Given an array of integers (A[i] <= 10^5). We have to find number of unordered pairs (i, j) such that their GCD is greater than B.

where is this ques frm??

hav u tried brute force with memoization?

There is a O(N*(√a(i)) algorithm. I’ll write the solution after my endsem

what is here to memoize for?

I have tried O(N^2) which obviously not going to pass.

can you please just share rough idea?

How about this?

Let us consider the elements a,b

For gcd(a,b) to be exactly k both a>=k and b>=k and a%k==0 and b%k==0.

for example take k=5,for gcd(a,b) to be exactly 5 the possible no. are a combination of any two multiples of 5 present in the array.

let the array be 1,5,10,4,15,6,20.

the no. are multiple of 5 are 4(say,x)— 5,10,15,20 .GCD=5 is for combination of any two (5,10),(5,15),(5,20),(10,15),(15,20) but not(10,20) . So,Here you have to check the gcd by euler’s method which is log(max(a,b))

(Hope this is clear).

Now the answer in constraints…since(a[i]<=10^5).

use a hashmap or an array to count the occurence of every element

for every no. >B Find the no. of multiples that number in the array and hence the no. of pairs with gcd equal to that no.(Answer will be the sum of all these).

Iterate like this

for(i=b+1;i<=100000;i++)

{

for(j=i;i<=100000;j+=i)

//code where we count the multiples of i in the array.

//check if this gcd(i,j) pair is valid.

}

let max=100000

Worst case when b=1;

loop runs sequence will be like = (max/1) + (max/2) + (max/3) +…+max/100000 <= 1300000 = O(10^6 * log(max)).
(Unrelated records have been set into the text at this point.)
lemma sum_edge_weight:
  assumes "C \<in> columns n"
  shows "(\<Sum>D\<in>columns n. edge_weight y C D * f D) =
    f C + (\<Sum>D\<in>{D\<in>columns n. col_le C D \<and> D \<noteq> C}. leg_poly [C, D] y * f D)"
proof -
  have "(\<Sum>D\<in>columns n. edge_weight y C D * f D) =
      f C + (\<Sum>D\<in>columns n - {C}. edge_weight y C D * f D)"
    using assms by (simp add: sum.remove finite_columns edge_weight_self)
  also have "(\<Sum>D\<in>columns n - {C}. edge_weight y C D * f D) =
      (\<Sum>D\<in>{D\<in>columns n. col_le C D \<and> D \<noteq> C}. leg_poly [C, D] y * f D)"
    by (rule sum.mono_neutral_cong_right) (auto simp: finite_columns edge_weight_def)
  finally show ?thesis .
qed

lemma chain_rec_iff_edge_weight:
  "chain_rec n y t G \<longleftrightarrow>
    (\<forall>C\<in>columns n. (1 + t C) * G C = 1 + (\<Sum>D\<in>columns n. edge_weight y C D * t D * G D))"
  unfolding chain_rec_def
proof (intro ball_cong refl)
  fix C assume "C \<in> columns n"
  then have "(\<Sum>D\<in>columns n. edge_weight y C D * t D * G D) =
      t C * G C + (\<Sum>D\<in>{D\<in>columns n. col_le C D \<and> D \<noteq> C}. leg_poly [C, D] y * t D * G D)"
    using sum_edge_weight[of C n y "\<lambda>D. t D * G D"] by (simp add: mult.assoc)
  then show "G C = 1 + (\<Sum>D\<in>{D\<in>columns n. col_le C D \<and> D \<noteq> C}. leg_poly [C, D] y * t D * G D) \<longleftrightarrow>
      (1 + t C) * G C = 1 + (\<Sum>D\<in>columns n. edge_weight y C D * t D * G D)"
    by (auto simp: algebra_simps)
qed

lemma chain_rec_reciprocity:
  fixes y :: "'a::field"
  assumes y: "y \<noteq> 0" and K: "chain_rec n y t K"
    and t': "\<And>C. C \<in> columns n \<Longrightarrow> t' C = -1 - t C"
  shows "chain_rec n (inverse y) t' (\<lambda>C. - sign_weight n y C * K C / y ^ (n choose 2))"
proof -
  let ?S = "sign_weight n y" and ?c = "y ^ (n choose 2)"
  \<comment> \<open>The empty column lies above every column with edge weight 1, so extending t * K by 1
    at the empty column makes the recursion for K a matrix identity on all subsets.\<close>
  define v where "v E = (if E = {} then 1 else t E * K E)" for E
  have K_rec: "(1 + t D) * K D = 1 + (\<Sum>E\<in>columns n. edge_weight y D E * t E * K E)"
    if "D \<in> columns n" for D
    using K that by (simp add: chain_rec_iff_edge_weight)
  have edge_weight_v: "(\<Sum>E\<in>Pow {1..n}. edge_weight y D E * v E) = (if D = {} then 1 else (1 + t D) * K D)"
    if "D \<in> Pow {1..n}" for D
  proof (cases "D = {}")
    case True
    have "edge_weight y {} E * v E = (if E = {} then 1 else 0)" if "E \<in> Pow {1..n}" for E
      using that finite_subset[of E "{1..n}"] by (simp add: edge_weight_empty_left v_def)
    then have "(\<Sum>E\<in>Pow {1..n}. edge_weight y {} E * v E) = (\<Sum>E\<in>Pow {1..n}. if E = {} then 1 else 0)"
      by (rule sum.cong[OF refl])
    then show ?thesis using True by simp
  next
    case False
    then have "D \<in> columns n" using that by (simp add: columns_def)
    have "(\<Sum>E\<in>columns n. edge_weight y D E * v E) = (\<Sum>E\<in>columns n. edge_weight y D E * t E * K E)"
      using empty_notin_columns by (intro sum.cong refl) (auto simp: v_def)
    then show ?thesis
      unfolding Pow_eq_insert_columns using False K_rec[OF \<open>D \<in> columns n\<close>]
      by (simp add: finite_columns empty_notin_columns v_def edge_weight_empty_right)
  qed
  show ?thesis
    unfolding chain_rec_iff_edge_weight
  proof
    fix C assume C: "C \<in> columns n"
    let ?A = "edge_weight (inverse y) C"
    define \<Sigma> where "\<Sigma> = (\<Sum>D\<in>columns n. ?A D * ?S D * ((1 + t D) * K D))"
    have "?S C * (t C * K C) = (\<Sum>D\<in>Pow {1..n}. ?A D * ?S D * (\<Sum>E\<in>Pow {1..n}. edge_weight y D E * v E))"
      using edge_weight_inversion_sum[OF y, of C n v] C by (simp add: v_def columns_def)
    also have "\<dots> = (\<Sum>D\<in>Pow {1..n}. ?A D * ?S D * (if D = {} then 1 else (1 + t D) * K D))"
      by (intro sum.cong refl) (simp only: edge_weight_v)
    also have "\<dots> = ?c + (\<Sum>D\<in>columns n. ?A D * ?S D * (if D = {} then 1 else (1 + t D) * K D))"
      unfolding Pow_eq_insert_columns
      by (simp add: finite_columns empty_notin_columns edge_weight_empty_right sign_weight_empty)
    also have "(\<Sum>D\<in>columns n. ?A D * ?S D * (if D = {} then 1 else (1 + t D) * K D)) = \<Sigma>"
      unfolding \<Sigma>_def using empty_notin_columns by (intro sum.cong refl) auto
    finally have inv: "?S C * (t C * K C) = ?c + \<Sigma>" .
    have "(\<Sum>D\<in>columns n. ?A D * t' D * (- ?S D * K D / ?c)) = \<Sigma> / ?c"
      unfolding \<Sigma>_def sum_divide_distrib by (intro sum.cong refl) (simp add: t' y field_simps)
    also have "\<dots> = ?S C * (t C * K C) / ?c - 1"
      using inv y by (simp add: field_simps)
    also have "\<dots> = (1 + t' C) * (- ?S C * K C / ?c) - 1"
      using y by (simp add: t'[OF C] field_simps)
    finally show "(1 + t' C) * (- ?S C * K C / ?c) =
        1 + (\<Sum>D\<in>columns n. ?A D * t' D * (- ?S D * K D / ?c))"
      by simp
  qed
qed

lemma HLS_eq_chain_sum_atLeastAtMost:
  fixes x :: "nat set \<Rightarrow> 'a::field"
  assumes "n \<ge> 1"
  defines "t \<equiv> \<lambda>C. x C / (1 - x C)"
  shows "HLS n y x = (1 + t {1..n}) * chain_sum n y t {1..n}"
proof -
  have top: "{1..n} \<in> columns n" using assms(1) by (auto simp: columns_def)
  have "(1 + t {1..n}) * chain_sum n y t {1..n} =
      1 + (\<Sum>D\<in>columns n. edge_weight y {1..n} D * t D * chain_sum n y t D)"
    using chain_rec_chain_sum[of n y t] top by (simp add: chain_rec_iff_edge_weight)
  also have "\<dots> = 1 + (\<Sum>D\<in>columns n. t D * chain_sum n y t D)"
    using edge_weight_atLeastAtMost_left[of _ n y]
    by (intro arg_cong[where f = "(+) 1"] sum.cong refl) (simp add: columns_def)
  also have "\<dots> = HLS n y x" by (simp add: HLS_eq_chain_sum t_def)
  finally show ?thesis by simp
qed

theorem theoremA:
  fixes n :: nat and y :: "'a::field_char_0" and x :: "nat set \<Rightarrow> 'a"
  assumes "n \<ge> 1"
    and "y \<noteq> 0"
    and "\<And>C. C \<noteq> {} \<Longrightarrow> C \<subseteq> {1..n} \<Longrightarrow> x C \<noteq> 0 \<and> x C \<noteq> 1"
  shows "HLS n (inverse y) (\<lambda>C. inverse (x C)) =
         (-1) ^ n * inverse y ^ (n choose 2) * x {1..n} * HLS n y x"
proof -
  define t where "t = (\<lambda>C. x C / (1 - x C))"
  define t' where "t' = (\<lambda>C. inverse (x C) / (1 - inverse (x C)))"
  let ?top = "{1..n}" and ?c = "y ^ (n choose 2)"
  have top: "?top \<in> columns n" using assms(1) by (auto simp: columns_def)
  have x: "x ?top \<noteq> 0" "x ?top \<noteq> 1" using assms(3)[of ?top] top by (auto simp: columns_def)
  have t'_eq: "t' C = -1 - t C" if "C \<in> columns n" for C
    using assms(3)[of C] that by (auto simp: columns_def t_def t'_def field_simps)
  have "chain_sum n (inverse y) t' ?top = - ((-1) ^ n * chain_sum n y t ?top) / ?c"
    using chain_rec_unique[OF chain_rec_chain_sum
        chain_rec_reciprocity[where t = t and t' = t', OF assms(2) chain_rec_chain_sum t'_eq] top]
    unfolding sign_weight_atLeastAtMost by simp
  moreover have "HLS n (inverse y) (\<lambda>C. inverse (x C)) = (1 + t' ?top) * chain_sum n (inverse y) t' ?top"
    unfolding t'_def by (rule HLS_eq_chain_sum_atLeastAtMost[OF assms(1)])
  ultimately have "HLS n (inverse y) (\<lambda>C. inverse (x C)) = t ?top * ((-1) ^ n * chain_sum n y t ?top) / ?c"
    using t'_eq[OF top] by simp
  also have "\<dots> = (-1) ^ n * inverse y ^ (n choose 2) * x ?top * ((1 + t ?top) * chain_sum n y t ?top)"
    using x assms(2) by (simp add: t_def field_simps power_inverse)
  also have "(1 + t ?top) * chain_sum n y t ?top = HLS n y x"
    unfolding t_def by (rule HLS_eq_chain_sum_atLeastAtMost[OF assms(1), symmetric])
  finally show ?thesis .
qed

end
This might clear the 1 sec time limit though.

Your approach will fail cuz there can be many numbers greater than B , but they might be having their gcd less than ‘B’

Nice idea though

my approach had an error actually now updated it.But @anon55659401 i am looking for pairs where exact gcd=x where a,b are sure multiple of x,and checking on them only,i cant find the error here that you are mentioning though.

it would be nice of you if you point out at example.

There is one more fault in your approach, you are counting many pairs repeatedly…

+I think its bound to give TLE

The worst case time complexity is still less than O(n*sqrt(a[i])) though that you suggested.

This problem can be solved using `mobius inversion`

`(inclusion - exclusion principle).`

Le `f(n)`

= number of unordered pairs(i,j) such that their gcd is n

then f(n)=NC_2 -(\sum_{i=2 }f(i*n))

where `N = no. of numbers in array that are divisible by n`

our answer will be \sum_{i=B+1}f(i)

Where can we submit this problem?

Thanks for you reply!

please send the link to the above gcd question…

actually it is a private contest yesterday. But sadly they had disabled all the links

Any links to learn mobius function? I’m a newbie and want to learn more about it

He has posted the link in his answer. I think you can read it there. Currently reading the same

Thankyou bro, I’ll study it